Task material =

════════

(* Let $A\in\mathbb{R}^{m\times n}$ have full column rank, let $b\in\mathbb{R}^m$ be such that $Ax=b$ is consistent, and let $x^*$ be its (unique) solution. Let $G\in\mathbb{R}^{m\times m}$ be symmetric positive definite and put $\widehat G:=A^TGA$ (which is then symmetric positive definite). Let $\Omega$ be a random $n\times l$ matrix with some fixed distribution $\mathcal D$, and let $W:=\Omega(\Omega^T\widehat G\,\Omega)^{\dagger}\Omega^T$, where $\dagger$ denotes the Moore–Penrose pseudoinverse; assume $\mathbb{E}[W]$ exists. Let $\Omega_0,\Omega_1,\dots$ be i.i.d. copies of $\Omega$, let $x^0\in\mathbb{R}^n$ be deterministic, and define $$x^{k+1}=x^k+\Omega_k(\Omega_k^TA^TGA\Omega_k)^{\dagger}\Omega_k^TA^TG\,(b-Ax^k),\qquad k\ge 0,$$ and $e^k:=x^k-x^*$. Let $\rho:=1-\lambda_{\min}\big(\widehat G^{1/2}\,\mathbb{E}[W]\,\widehat G^{1/2}\big)$. Then for every $k\ge 0$, $$\mathbb{E}\big[\|e^{k+1}\|_{\widehat G}^2\big]\le \rho\,\mathbb{E}\big[\|e^{k}\|_{\widehat G}^2\big],\qquad\text{hence}\qquad \mathbb{E}\big[\|e^{k}\|_{\widehat G}^2\big]\le \rho^k\,\|e^0\|_{\widehat G}^2,$$ and $\rho<1$ whenever $\mathbb{E}[W]$ is positive definite.
   Context: For a symmetric positive definite matrix $M$, $\|x\|_M:=\sqrt{x^TMx}$. $\lambda_{\min}(\cdot)$ denotes the smallest eigenvalue of a symmetric matrix. Expectations are taken over the random matrices $\Omega_0,\Omega_1,\dots$. *)

theory Defs
  imports "HOL-Analysis.Analysis" "HOL-Probability.Probability"
begin

definition sym_mat :: "real^'n^'n \<Rightarrow> bool" where
  "sym_mat M \<longleftrightarrow> transpose M = M"

definition spd :: "real^'n^'n \<Rightarrow> bool" where
  "spd M \<longleftrightarrow> sym_mat M \<and> (\<forall>x. x \<noteq> 0 \<longrightarrow> x \<bullet> (M *v x) > 0)"

definition spsd :: "real^'n^'n \<Rightarrow> bool" where
  "spsd M \<longleftrightarrow> sym_mat M \<and> (\<forall>x. x \<bullet> (M *v x) \<ge> 0)"

definition sqnorm_M :: "real^'n^'n \<Rightarrow> real^'n \<Rightarrow> real" where
  "sqnorm_M M x = x \<bullet> (M *v x)"

definition pinv :: "real^'n^'m \<Rightarrow> real^'m^'n" where
  "pinv A = (THE X. A ** X ** A = A \<and> X ** A ** X = X \<and>
                    transpose (A ** X) = A ** X \<and> transpose (X ** A) = X ** A)"

definition eigenvalues :: "real^'n^'n \<Rightarrow> real set" where
  "eigenvalues M = {c. \<exists>v. v \<noteq> 0 \<and> M *v v = c *\<^sub>R v}"

definition lambda_min :: "real^'n^'n \<Rightarrow> real" where
  "lambda_min M = Min (eigenvalues M)"

definition mat_sqrt :: "real^'n^'n \<Rightarrow> real^'n^'n" where
  "mat_sqrt M = (THE S. spsd S \<and> S ** S = M)"

primrec sketch_iter ::
  "real^'n^'m \<Rightarrow> real^'m \<Rightarrow> real^'m^'m \<Rightarrow> real^'n \<Rightarrow> (nat \<Rightarrow> real^'l^'n) \<Rightarrow> nat \<Rightarrow> real^'n" where
  "sketch_iter A b G x0 \<omega> 0 = x0"
| "sketch_iter A b G x0 \<omega> (Suc k) =
     (let xk = sketch_iter A b G x0 \<omega> k; Om = \<omega> k in
      xk + (Om ** pinv (transpose Om ** transpose A ** G ** A ** Om) ** transpose Om
              ** transpose A ** G) *v (b - A *v xk))"

end

theory Submission
  imports Defs
begin

text \<open>Write \<open>e = x - x\<^sup>*\<close> and \<open>Gh = A\<^sup>T G A\<close>. Since \<open>b = A x\<^sup>*\<close>, a step maps \<open>e\<close> to
  \<open>e - W Gh e\<close>, and the Penrose identities give \<open>W Gh W = W\<close>; so \<open>e \<mapsto> W Gh e\<close> is a
  \<open>Gh\<close>-orthogonal projection and \<open>\<parallel>e\<parallel>\<^sup>2\<close> (in the \<open>Gh\<close>-norm) drops by exactly
  \<open>(Gh e)\<^sup>T W (Gh e)\<close>. Averaged over a fresh sketch the drop is \<open>(Gh e)\<^sup>T E[W] (Gh e)\<close>, which
  the Rayleigh bound for \<open>Gh\<^sup>1\<^sup>/\<^sup>2 E[W] Gh\<^sup>1\<^sup>/\<^sup>2\<close> turns into the factor \<open>\<rho>\<close>. As the sketches
  are i.i.d., the law of \<open>(\<Omega>\<^sub>0, \<Omega>\<^sub>1, \<dots>)\<close> is that of \<open>\<Omega>\<^sub>0\<close> times that of the shifted
  sequence, so conditioning on \<open>\<Omega>\<^sub>0\<close> propagates the one-step bound to every \<open>k\<close>. The spectral
  theorem for symmetric matrices, obtained by minimising the Rayleigh quotient on invariant
  subspaces, supplies the pseudoinverse, the square root and \<open>\<lambda>\<^sub>m\<^sub>i\<^sub>n\<close>.\<close>

section \<open>Symmetric matrices and the spectral theorem\<close>

lemma inner_matrix_vector_transpose: "(x::real^'n) \<bullet> (A *v y) = (transpose A *v x) \<bullet> y"
  by (metis dot_lmul_matrix vector_transpose_matrix transpose_transpose inner_commute)

lemma sym_mat_inner_swap: "sym_mat M \<Longrightarrow> (x::real^'n) \<bullet> (M *v y) = (M *v x) \<bullet> y"
  by (simp add: sym_mat_def inner_matrix_vector_transpose)

lemma sym_matI:
  assumes "\<And>x y. (x::real^'n) \<bullet> (A *v y) = (A *v x) \<bullet> y"
  shows "sym_mat A"
  unfolding sym_mat_def matrix_eq
proof
  fix y
  have "x \<bullet> (transpose A *v y - A *v y) = 0" for x
    using assms[of y x] by (simp add: inner_diff_right inner_matrix_vector_transpose inner_commute)
  from this[of "transpose A *v y - A *v y"] show "transpose A *v y = A *v y" by simp
qed

lemma sym_mat_diff: "sym_mat A \<Longrightarrow> sym_mat B \<Longrightarrow> sym_mat (A - B :: real^'n^'n)"
  by (simp add: sym_mat_def transpose_def vec_eq_iff)

lemma sym_mat_congruence:
  fixes C :: "real^'n^'m" and M :: "real^'m^'m"
  shows "sym_mat M \<Longrightarrow> sym_mat (transpose C ** M ** C)"
  by (simp add: sym_mat_def matrix_transpose_mul matrix_mul_assoc)

lemma inner_congruence:
  fixes x :: "real^'n" and C :: "real^'n^'m" and M :: "real^'m^'m"
  shows "x \<bullet> ((transpose C ** M ** C) *v x) = (C *v x) \<bullet> (M *v (C *v x))"
proof -
  have "x \<bullet> ((transpose C ** M ** C) *v x) = x \<bullet> (transpose C *v (M *v (C *v x)))"
    by (simp only: matrix_vector_mul_assoc matrix_mul_assoc)
  also have "\<dots> = (C *v x) \<bullet> (M *v (C *v x))"
    using inner_matrix_vector_transpose[of x "transpose C" "M *v (C *v x)"]
    by (simp only: transpose_transpose)
  finally show ?thesis .
qed

lemma quadratic_nonneg_imp_linear_coeff_zero:
  fixes c d :: real
  assumes "\<And>t. 0 \<le> 2*t*c + t^2*d"
  shows "c = 0"
proof (rule ccontr)
  assume c: "c \<noteq> 0"
  define a where "a = \<bar>d\<bar> + 1"
  have pos: "a > 0" and ad: "\<bar>d\<bar> = a - 1" by (auto simp: a_def)
  define t where "t = - c / a"
  have "0 \<le> 2*t*c + t^2*d" by (rule assms)
  also have "\<dots> \<le> 2*t*c + t^2*\<bar>d\<bar>" by (simp add: mult_left_mono)
  also have "\<dots> = c^2 * (- a - 1) / a^2"
    using pos unfolding t_def ad by (simp add: field_simps power2_eq_square)
  also have "\<dots> < 0"
    using c pos by (intro divide_neg_pos mult_pos_neg) auto
  finally show False by simp
qed

lemma inner_matrix_vector_add_scaleR:
  "(v + t *\<^sub>R w) \<bullet> ((M::real^'n^'n) *v (v + t *\<^sub>R w))
     = v \<bullet> (M *v v) + t * (v \<bullet> (M *v w)) + t * (w \<bullet> (M *v v)) + t^2 * (w \<bullet> (M *v w))"
  by (simp add: matrix_vector_right_distrib matrix_vector_mult_scaleR inner_add_left inner_add_right
      algebra_simps power2_eq_square)

lemma psd_null_vector:
  assumes "sym_mat S" and psd: "\<And>x. 0 \<le> (x::real^'n) \<bullet> (S *v x)"
    and v: "v \<bullet> (S *v v) = 0"
  shows "S *v v = 0"
proof -
  let ?w = "S *v v"
  have "0 \<le> 2*t*(?w \<bullet> ?w) + t^2*(?w \<bullet> (S *v ?w))" for t
  proof -
    have "0 \<le> (v + t *\<^sub>R ?w) \<bullet> (S *v (v + t *\<^sub>R ?w))" by (rule psd)
    also have "v \<bullet> (S *v ?w) = ?w \<bullet> ?w" using sym_mat_inner_swap[OF assms(1)] by simp
    ultimately show ?thesis using v by (simp add: inner_matrix_vector_add_scaleR)
  qed
  then have "?w \<bullet> ?w = 0" by (rule quadratic_nonneg_imp_linear_coeff_zero)
  then show ?thesis by simp
qed

definition orthonormal_eigenbasis :: "real^'n^'n \<Rightarrow> (real^'n) set \<Rightarrow> bool" where
  "orthonormal_eigenbasis M B \<longleftrightarrow>
     pairwise orthogonal B \<and> (\<forall>b\<in>B. norm b = 1 \<and> M *v b = (b \<bullet> (M *v b)) *\<^sub>R b)"

lemma rayleigh_minimizer_eigenvector:
  fixes M :: "real^'n^'n"
  assumes sym: "sym_mat M" and V: "subspace V" "\<forall>x\<in>V. M *v x \<in> V"
    and v: "v \<in> V" "v \<bullet> v = 1"
    and min: "\<And>x. x \<in> V \<Longrightarrow> (v \<bullet> (M *v v)) * (x \<bullet> x) \<le> x \<bullet> (M *v x)"
  shows "M *v v = (v \<bullet> (M *v v)) *\<^sub>R v"
proof -
  define l where "l = v \<bullet> (M *v v)"
  define w where "w = M *v v - l *\<^sub>R v"
  define r where "r = (\<lambda>x. x \<bullet> (M *v x) - l * (x \<bullet> x))"
  have wV: "w \<in> V" using V v unfolding w_def by (simp add: subspace_diff subspace_scale)
  have "0 \<le> 2*t*(w \<bullet> w) + t^2 * r w" for t
  proof -
    have "v + t *\<^sub>R w \<in> V" using V(1) v(1) wV by (simp add: subspace_add subspace_scale)
    from min[OF this] have "0 \<le> r (v + t *\<^sub>R w)" unfolding r_def l_def by simp
    moreover have "v \<bullet> (M *v w) = w \<bullet> (M *v v)"
      using sym_mat_inner_swap[OF sym] inner_commute by metis
    moreover have vw: "v \<bullet> w = 0"
      using v(2) unfolding w_def l_def by (simp add: inner_diff_right)
    moreover have "w \<bullet> w = w \<bullet> (M *v v)"
      using vw unfolding w_def by (simp add: inner_diff_left inner_commute)
    ultimately show ?thesis
      using v(2) unfolding r_def l_def
      by (simp add: inner_matrix_vector_add_scaleR inner_add_left inner_add_right inner_commute
          algebra_simps power2_eq_square)
  qed
  then have "w \<bullet> w = 0" by (rule quadratic_nonneg_imp_linear_coeff_zero)
  then show ?thesis by (simp add: w_def l_def)
qed

lemma invariant_subspace_unit_eigenvector:
  fixes M :: "real^'n^'n"
  assumes sym: "sym_mat M" and V: "subspace V" "\<forall>x\<in>V. M *v x \<in> V" and u: "u \<in> V" "u \<noteq> 0"
  obtains v where "v \<in> V" "norm v = 1" "M *v v = (v \<bullet> (M *v v)) *\<^sub>R v"
proof -
  let ?K = "V \<inter> sphere 0 1"
  let ?q = "\<lambda>x. x \<bullet> (M *v x)"
  have unit_in_K: "x /\<^sub>R norm x \<in> ?K" if "x \<in> V" "x \<noteq> 0" for x
    using that V(1) by (simp add: subspace_scale)
  have "compact (sphere 0 1 \<inter> V)"
    by (rule compact_Int_closed[OF compact_sphere closed_subspace[OF V(1)]])
  then have "compact ?K" by (simp add: Int_commute)
  moreover have "?K \<noteq> {}" using unit_in_K[OF u] by blast
  moreover have "continuous_on ?K ?q"
    by (rule continuous_on_inner[OF continuous_on_id matrix_vector_mult_linear_continuous_on])
  ultimately have "\<exists>x\<in>?K. \<forall>y\<in>?K. ?q x \<le> ?q y" by (rule continuous_attains_inf)
  then obtain v where v: "v \<in> ?K" and vmin: "\<And>y. y \<in> ?K \<Longrightarrow> ?q v \<le> ?q y"
    by blast
  have vv: "v \<bullet> v = 1" using v by (simp add: dot_square_norm)
  have "?q v * (x \<bullet> x) \<le> ?q x" if "x \<in> V" for x
  proof (cases "x = 0")
    case False
    have "?q v \<le> ?q (x /\<^sub>R norm x)" using vmin unit_in_K[OF that False] by blast
    also have "\<dots> = ?q x / (x \<bullet> x)"
      by (simp add: matrix_vector_mult_scaleR power2_eq_square dot_square_norm divide_inverse)
    finally show ?thesis using False by (simp add: pos_le_divide_eq)
  qed simp
  moreover have "v \<in> V" "norm v = 1" using v by simp_all
  ultimately show thesis
    using vv rayleigh_minimizer_eigenvector[OF sym V] that by blast
qed

lemma subspace_subset_span_insert_unit:
  assumes V: "subspace V" and v: "v \<in> V" "v \<bullet> v = 1"
    and B: "V \<inter> {y. orthogonal v y} \<subseteq> span B"
  shows "V \<subseteq> span (insert v B)"
proof
  fix x assume x: "x \<in> V"
  have "x - (v \<bullet> x) *\<^sub>R v \<in> V \<inter> {y. orthogonal v y}"
    using x v V by (simp add: orthogonal_def subspace_diff subspace_scale inner_diff_right)
  then have "x - (v \<bullet> x) *\<^sub>R v \<in> span (insert v B)"
    using B by (meson span_mono subset_insertI subsetD)
  moreover have "(v \<bullet> x) *\<^sub>R v \<in> span (insert v B)" by (simp add: span_base span_mul)
  ultimately show "x \<in> span (insert v B)" using span_add by fastforce
qed

lemma invariant_subspace_orthonormal_eigenbasis:
  fixes M :: "real^'n^'n"
  assumes sym: "sym_mat M"
  shows "subspace V \<Longrightarrow> \<forall>x\<in>V. M *v x \<in> V \<Longrightarrow>
    \<exists>B. B \<subseteq> V \<and> orthonormal_eigenbasis M B \<and> V \<subseteq> span B"
proof (induction "dim V" arbitrary: V rule: less_induct)
  case less
  show ?case
  proof (cases "V \<subseteq> {0}")
    case True
    then show ?thesis by (intro exI[of _ "{}"]) (auto simp: orthonormal_eigenbasis_def)
  next
    case False
    then obtain u where "u \<in> V" "u \<noteq> 0" by auto
    then obtain v where vV: "v \<in> V" and nv: "norm v = 1" and eig: "M *v v = (v \<bullet> (M *v v)) *\<^sub>R v"
      using invariant_subspace_unit_eigenvector[OF sym less.prems] by blast
    have vv: "v \<bullet> v = 1" using nv by (simp add: dot_square_norm)
    define V' where "V' = V \<inter> {y. orthogonal v y}"
    have sV': "subspace V'" unfolding V'_def
      by (rule subspace_inter[OF less.prems(1) subspace_orthogonal_to_vector])
    have iV': "\<forall>x\<in>V'. M *v x \<in> V'"
    proof
      fix x assume x: "x \<in> V'"
      have "v \<bullet> (M *v x) = (M *v v) \<bullet> x" by (rule sym_mat_inner_swap[OF sym])
      also have "\<dots> = 0" using x by (subst eig) (simp add: V'_def orthogonal_def)
      finally show "M *v x \<in> V'" using x less.prems by (auto simp: V'_def orthogonal_def)
    qed
    have "v \<notin> V'" using vv by (simp add: V'_def orthogonal_def)
    then have "V' \<subset> V" using vV by (auto simp: V'_def)
    then have "dim V' < dim V"
      using dim_psubset span_eq_iff less.prems(1) sV' by metis
    from less.hyps[OF this sV' iV'] obtain B'
      where B': "B' \<subseteq> V'" "orthonormal_eigenbasis M B'" "V' \<subseteq> span B'"
      by blast
    show ?thesis
    proof (intro exI conjI)
      show "insert v B' \<subseteq> V" using B'(1) vV by (auto simp: V'_def)
      have "pairwise orthogonal (insert v B')"
        using B'(1,2) by (intro pairwise_orthogonal_insert) (auto simp: V'_def orthonormal_eigenbasis_def)
      then show "orthonormal_eigenbasis M (insert v B')"
        using B'(2) nv eig by (simp add: orthonormal_eigenbasis_def)
      show "V \<subseteq> span (insert v B')"
        using subspace_subset_span_insert_unit[OF less.prems(1) vV vv] B'(3) by (simp add: V'_def)
    qed
  qed
qed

════════

What to produce = Can you repeat, word for word, every line above from the one containing "using invariant_subspace_unit_eigenvector[OF sym" down to the one containing "by (rule subspace_inter[OF", including both?

Task answer =
      using invariant_subspace_unit_eigenvector[OF sym less.prems] by blast
    have vv: "v \<bullet> v = 1" using nv by (simp add: dot_square_norm)
    define V' where "V' = V \<inter> {y. orthogonal v y}"
    have sV': "subspace V'" unfolding V'_def
      by (rule subspace_inter[OF less.prems(1) subspace_orthogonal_to_vector])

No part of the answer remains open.